Task details - Return verbatim the run of lines that opens with the line holding "(\<Sum>b\<in>Basis. t *" and closes with the last line of the records.

____________

(* Let $d\ge1$, let $|\cdot|$ be any norm on $\mathbb{R}^d$, let $p\in(0,+\infty)$ and let $X$ be an $\mathbb{R}^d$-valued random vector with distribution $\mu$ such that $\int_{\mathbb{R}^d}|\xi|^p\mu(d\xi)<+\infty$. Let $(a_N)_{N\ge1}$ be an $L^p$-optimal greedy quantization sequence for $X$. Assume that there exists $b\in(0,\tfrac12)$ such that the $b$-maximal function $\Psi_b$ associated with $(a_N)_{N\ge1}$ satisfies $\int_{\mathbb{R}^d}\Psi_b^{\frac{p}{p+d}}\,d\mu<+\infty$. Then $$\limsup_{N\to+\infty}N^{\frac1d}\,e_p(a^{(N)},X)<+\infty.$$
   Context: For $\Gamma\subset\mathbb{R}^d$ and $r>0$ put $e_r(\Gamma,X)=\big(\mathbb{E}\,d(X,\Gamma)^r\big)^{1/r}$ with $d(\xi,\Gamma)=\inf_{a\in\Gamma}|\xi-a|$ ($d(\xi,\emptyset)=+\infty$). A sequence $(a_N)_{N\ge1}$ in $\mathbb{R}^d$ is an $L^p$-optimal greedy quantization sequence if, writing $a^{(N)}=\{a_1,\dots,a_N\}$ and $a^{(0)}=\emptyset$, one has $a_{N+1}\in\operatorname{argmin}_{\xi\in\mathbb{R}^d}e_p(a^{(N)}\cup\{\xi\},X)$ for every $N\ge0$. For $b\in(0,\frac12)$, the $b$-maximal function associated with $(a_N)$ is $$\Psi_b(\xi)=\sup_{N\ge1}\frac{\lambda_d\big(B(\xi,b\,d(\xi,a^{(N)}))\big)}{\mu\big(B(\xi,b\,d(\xi,a^{(N)}))\big)}\in[0,+\infty],\quad\xi\in\mathbb{R}^d,$$ where $\lambda_d$ is Lebesgue measure, $B(x,\rho)$ is the closed ball of center $x$ and radius $\rho$ for $|\cdot|$, and $\frac{0}{0}$, $\frac{c}{0}$ are interpreted with the conventions $\frac10=+\infty$. *)

theory Defs
  imports "HOL-Probability.Probability"
begin

definition is_norm :: "('a::real_vector \<Rightarrow> real) \<Rightarrow> bool" where
  "is_norm nrm \<longleftrightarrow> (\<forall>x. nrm x = 0 \<longleftrightarrow> x = 0) \<and> (\<forall>x y. nrm (x + y) \<le> nrm x + nrm y)
     \<and> (\<forall>c x. nrm (c *\<^sub>R x) = \<bar>c\<bar> * nrm x)"

definition epow :: "ennreal \<Rightarrow> real \<Rightarrow> ennreal" where
  "epow x r = (if x = \<infinity> then \<infinity> else ennreal (enn2real x powr r))"

text \<open>d(xi, Gamma) = inf over a in Gamma of |xi - a|; d(xi, {}) = +infinity.\<close>
definition dist_set :: "('a::real_vector \<Rightarrow> real) \<Rightarrow> 'a \<Rightarrow> 'a set \<Rightarrow> ennreal" where
  "dist_set nrm \<xi> \<Gamma> = (INF a\<in>\<Gamma>. ennreal (nrm (\<xi> - a)))"

definition quant_err :: "('a::real_vector \<Rightarrow> real) \<Rightarrow> real \<Rightarrow> 'b measure \<Rightarrow> ('b \<Rightarrow> 'a) \<Rightarrow> 'a set \<Rightarrow> ennreal" where
  "quant_err nrm r M X \<Gamma> = epow (\<integral>\<^sup>+ \<omega>. epow (dist_set nrm (X \<omega>) \<Gamma>) r \<partial>M) (1 / r)"

definition first_pts :: "(nat \<Rightarrow> 'a) \<Rightarrow> nat \<Rightarrow> 'a set" where
  "first_pts a N = a ` {1..N}"

definition greedy_opt_seq :: "('a::real_vector \<Rightarrow> real) \<Rightarrow> real \<Rightarrow> 'b measure \<Rightarrow> ('b \<Rightarrow> 'a) \<Rightarrow> (nat \<Rightarrow> 'a) \<Rightarrow> bool" where
  "greedy_opt_seq nrm p M X a \<longleftrightarrow>
     (\<forall>N. \<forall>\<xi>. quant_err nrm p M X (first_pts a N \<union> {a (Suc N)})
                \<le> quant_err nrm p M X (first_pts a N \<union> {\<xi>}))"

definition nball :: "('a::real_vector \<Rightarrow> real) \<Rightarrow> 'a \<Rightarrow> real \<Rightarrow> 'a set" where
  "nball nrm x \<rho> = {y. nrm (y - x) \<le> \<rho>}"

text \<open>b-maximal function; division in [0,+infinity] (c/0 = +infinity for c > 0, 0/0 = 0).\<close>
definition max_fun :: "('a::euclidean_space \<Rightarrow> real) \<Rightarrow> 'a measure \<Rightarrow> (nat \<Rightarrow> 'a) \<Rightarrow> real \<Rightarrow> 'a \<Rightarrow> ennreal" where
  "max_fun nrm \<mu> a b \<xi> =
     (SUP N\<in>{1..}. emeasure lborel (nball nrm \<xi> (b * enn2real (dist_set nrm \<xi> (first_pts a N))))
                 / emeasure \<mu> (nball nrm \<xi> (b * enn2real (dist_set nrm \<xi> (first_pts a N)))))"

end

theory Submission
  imports Defs
begin

text \<open>
  Let u N be the p-th power distortion of a^(N) and \<delta> N \<xi> the distance from \<xi> to a^(N).
  Greedy optimality compares a^(N+1) with the competitor a^(N) \<union> {\<xi>}; on the ball
  B = B(\<xi>, b \<delta> N \<xi>) the distance to the quantizer drops from at least (1 - b) \<delta> N \<xi> to at most
  b \<delta> N \<xi>, which gives the micro-macro inequality
  u (N+1) + ((1 - b)^p - b^p) (\<delta> N \<xi>)^p \<mu>(B) \<le> u N.
  Since \<lambda>(B) is at least a constant times (\<delta> N \<xi>)^d and at most \<Psi>_b(\<xi>) \<mu>(B), it follows that
  (\<delta> N \<xi>)^(p+d) \<le> K \<Psi>_b(\<xi>) (u N - u (N+1)). Raising this to the power p/(p+d) and integrating
  against \<mu> yields (u N)^(1+d/p) \<le> A (u N - u (N+1)). Along such a recursion (u N)^(-d/p) grows
  at least linearly, so N (u N)^(d/p) = (N^(1/d) e_p(a^(N), X))^d stays bounded.
\<close>

section \<open>Norms on Euclidean spaces\<close>

lemma is_norm_zero: "is_norm nrm \<Longrightarrow> nrm 0 = 0"
  by (simp add: is_norm_def)

lemma is_norm_triangle: "is_norm nrm \<Longrightarrow> nrm (x + y) \<le> nrm x + nrm y"
  by (simp add: is_norm_def)

lemma is_norm_scaleR: "is_norm nrm \<Longrightarrow> nrm (c *\<^sub>R x) = \<bar>c\<bar> * nrm x"
  by (simp add: is_norm_def)

lemma is_norm_minus_commute: "is_norm nrm \<Longrightarrow> nrm (x - y) = nrm (y - x)"
  using is_norm_scaleR[of nrm "-1" "y - x"] by simp

lemma is_norm_triangle_diff: "is_norm nrm \<Longrightarrow> nrm (x - z) \<le> nrm (x - y) + nrm (y - z)"
  using is_norm_triangle[of nrm "x - y" "y - z"] by simp

lemma is_norm_nonneg: "is_norm nrm \<Longrightarrow> 0 \<le> nrm x"
  using is_norm_triangle_diff[of nrm x x 0] is_norm_minus_commute[of nrm x 0]
  by (simp add: is_norm_zero)

lemma is_norm_convex: "is_norm nrm \<Longrightarrow> convex_on UNIV nrm"
  by (rule convex_onI[OF _ convex_UNIV]) (use is_norm_triangle is_norm_scaleR in \<open>smt (verit)\<close>)

lemma is_norm_continuous:
  fixes nrm :: "'a::euclidean_space \<Rightarrow> real"
  shows "is_norm nrm \<Longrightarrow> continuous_on UNIV nrm"
  by (rule convex_on_continuous) (simp_all add: is_norm_convex)

lemma is_norm_measurable:
  fixes nrm :: "'a::euclidean_space \<Rightarrow> real"
  shows "is_norm nrm \<Longrightarrow> nrm \<in> borel_measurable borel"
  by (rule borel_measurable_continuous_onI) (rule is_norm_continuous)

lemma closed_nball:
  fixes nrm :: "'a::euclidean_space \<Rightarrow> real"
  assumes "is_norm nrm"
  shows "closed (nball nrm x r)"
proof -
  have "continuous_on UNIV (\<lambda>y. nrm (y - x))"
    by (rule continuous_on_compose2[OF is_norm_continuous[OF assms]]) (auto intro!: continuous_intros)
  then show ?thesis
    unfolding nball_def by (rule closed_Collect_le[OF _ continuous_on_const])
qed

lemma nball_in_borel:
  fixes nrm :: "'a::euclidean_space \<Rightarrow> real"
  shows "is_norm nrm \<Longrightarrow> nball nrm x r \<in> sets borel"
  by (rule borel_closed) (rule closed_nball)

definition basis_norm_sum :: "('a::euclidean_space \<Rightarrow> real) \<Rightarrow> real" where
  "basis_norm_sum nrm = (\<Sum>b\<in>Basis. nrm b)"

lemma basis_norm_sum_pos:
  fixes nrm :: "'a::euclidean_space \<Rightarrow> real"
  assumes "is_norm nrm"
  shows "0 < basis_norm_sum nrm"
proof -
  obtain b :: 'a where b: "b \<in> Basis"
    using nonempty_Basis by blast
  then have "0 < nrm b"
    using assms is_norm_nonneg[OF assms, of b] by (auto simp: is_norm_def nonzero_Basis order_le_less)
  also have "nrm b \<le> basis_norm_sum nrm"
    unfolding basis_norm_sum_def using b by (intro member_le_sum) (auto simp: is_norm_nonneg[OF assms])
  finally show ?thesis .
qed

lemma is_norm_le_cube_radius:
  fixes x :: "'a::euclidean_space"
  assumes nrm: "is_norm nrm" and cube: "\<And>b. b \<in> Basis \<Longrightarrow> \<bar>x \<bullet> b\<bar> \<le> t"
  shows "nrm x \<le> t * basis_norm_sum nrm"
proof -
  have "nrm x = nrm (\<Sum>b\<in>Basis. (x \<bullet> b) *\<^sub>R b)"
    by (simp add: euclidean_representation)
  also have "\<dots> \<le> (\<Sum>b\<in>Basis. nrm ((x \<bullet> b) *\<^sub>R b))"
    by (induction rule: infinite_finite_induct)
       (auto simp: is_norm_zero[OF nrm] intro: order_trans[OF is_norm_triangle[OF nrm]])
  also have "\<dots> = (\<Sum>b\<in>Basis. \<bar>x \<bullet> b\<bar> * nrm b)"
    by (simp add: is_norm_scaleR[OF nrm])
  also have "\<dots> \<le> (\<Sum>b\<in>Basis. t * nrm b)"
    by (intro sum_mono mult_right_mono) (auto simp: cube is_norm_nonneg[OF nrm])
  finally show ?thesis
    by (simp add: basis_norm_sum_def sum_distrib_left)
qed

____________

Reply to the exercise -
  also have "\<dots> \<le> (\<Sum>b\<in>Basis. t * nrm b)"
    by (intro sum_mono mult_right_mono) (auto simp: cube is_norm_nonneg[OF nrm])
  finally show ?thesis
    by (simp add: basis_norm_sum_def sum_distrib_left)
qed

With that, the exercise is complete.